Here are two good routines that you can use to get back into training. Alternate them on your three-days-a-week program.
Workout 1
Incline situps 2-3 x 30
Incline knee raises 2-3 x 30
Bench presses 3 x 10-12
Lat pulldowns 3 x 10-12
Seated dumbbell presses 3 x10-12
Lateral raises 3 x 10-12
Pushdowns 3 x 10-12
Standing dumbbell curls 3 x 10-12
Leg extensions 3 x 12-15
Leg curls 3 x 10-12
Dumbbell squats 3 x 10-12
Dumbbell stiff-legged deadlifts 3 x 10-12
Standing calf raises 3 x 10-15
Workout 2
Hanging knee raises 2-3 x 20-30
Crunches 2-3 x 30
Leg extensions 3 x12-15
Leg curls 3 x 10-12
Dumbbell lunges or leg presses 3 x 10-12
Hyperextensions 3 x 15-20
Seated calf raises 3 x 12-15
Incline dumbbell presses 3 x 10-12
One-arm dumbbell rows 3 x 10-12
Seated dumbbell presses 3 x10-12
Seated laterals 3 x 10-12
Lying triceps extensions 3 x 10-12
Barbell curls 3 x 10-12
You also mentioned that you gained a lot of fat during your extended layoff. You will really need to shape up your diet in addition to getting back to the gym. If you start training again but keep your diet the same, you probably won’t lose that much bodyfat even though you will add muscle tissue.

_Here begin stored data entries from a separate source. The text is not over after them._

text \<open>Expand det M along its last row.\<close>
lemma padic_null_det_topleft:
  assumes M: "mat_seq d M" "padic_bounded_mat d M" and d: "1 \<le> d"
    and row: "\<And>j. j < d - 1 \<Longrightarrow> padic_null p (\<lambda>n. M n $$ (d - 1, j))"
    and diag: "padic_null p (\<lambda>n. M n $$ (d - 1, d - 1) - 1)"
    and det: "padic_null p (\<lambda>n. det (M n) - 1)"
  shows "padic_null p (\<lambda>n. det (topleft d (M n)) - 1)"
proof -
  define D where "D n = det (topleft d (M n))" for n
  define S where "S n = (\<Sum>j<d - 1. M n $$ (d - 1, j) * cofactor (M n) (d - 1) j)" for n
  have "padic_bounded_mat (d - 1) (\<lambda>n. topleft d (M n))"
    using M(2) by (rule padic_bounded_mat_submatrix[where r = id and s = id]) (auto simp: topleft_def)
  hence D: "padic_bounded D"
    unfolding D_def by (intro padic_bounded_det) (auto simp: mat_seq_def topleft_def)
  have "padic_bounded (\<lambda>n. cofactor (M n) (d - 1) j)" if j: "j < d - 1" for j
  proof -
    have "padic_bounded_mat (d - 1) (\<lambda>n. mat_delete (M n) (d - 1) j)"
      using M(2) by (rule padic_bounded_mat_submatrix[where r = "\<lambda>a. if a < d - 1 then a else Suc a"
          and s = "\<lambda>b. if b < j then b else Suc b"]) (use M(1) j in \<open>auto simp: mat_delete_def\<close>)
    moreover have "mat_seq (d - 1) (\<lambda>n. mat_delete (M n) (d - 1) j)"
      unfolding mat_seq_def mat_delete_def using M(1) by simp
    ultimately show ?thesis
      unfolding cofactor_def by (intro padic_bounded_mult padic_bounded_const padic_bounded_det)
  qed
  hence "padic_null p S"
    unfolding S_def using row by (intro padic_null_sum padic_null_mult_bounded) auto
  moreover have "(\<lambda>n. D n - 1) = (\<lambda>n. (det (M n) - 1) - S n - (M n $$ (d - 1, d - 1) - 1) * D n)"
    using det_expand_last_row[OF mat_seqD[OF M(1)] d] unfolding D_def S_def
    by (intro ext) (simp add: algebra_simps)
  ultimately show ?thesis
    unfolding D_def[symmetric] by (simp only:) (rule padic_null_diff[OF padic_null_diff[OF det]
        padic_null_mult_bounded[OF diag D]])
qed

If you haven’t done it already, you should begin eating at least six small meals a day in order to feed the muscles and keep the metabolism stimulated. Have at least three whole-food meals—breakfast, lunch and dinner—with three protein drinks throughout the day. Try to eat or drink a meal every 2 1/2 to three hours.
You will also want to watch your carbohydrate intake. By eating a moderate amount of carbs, you starve the fat cells while still supplying the body with the energy it needs to train hard and recuperate from your workouts.
Stick with complex carbohydrates that are low-glycemic and high in fiber. Foods such as oatmeal, sweet potatoes, brown rice, whole-grain bread and vegetables, eaten in moderation, will provide glycogen for your muscles without making you fatter. I eat complex carbs in the morning and afternoon, but I limit my carbs to vegetables such as broccoli, asparagus, green beans and green peas in the evening.
Taking in an easy-to-digest supplement that’s high in whey protein and simple carbohydrates immediately after your workout will give your muscles the nutrients they desperately need to help them grow and recover. I always take two scoops of Optimum Nutrition’s 2:1:1 Recovery right after I finish training.
It’s also important to get high-quality protein throughout the day. Foods such as eggs and egg whites, turkey, chicken, fish and lean red meat are great choices for rebuilding muscle tissue. You can also use a top-of-the-line protein supplement such as Optimum Nutrition’s Pro Complex or Muscle-Link’s Pro-Fusion to provide your muscles with the protein they need for growth.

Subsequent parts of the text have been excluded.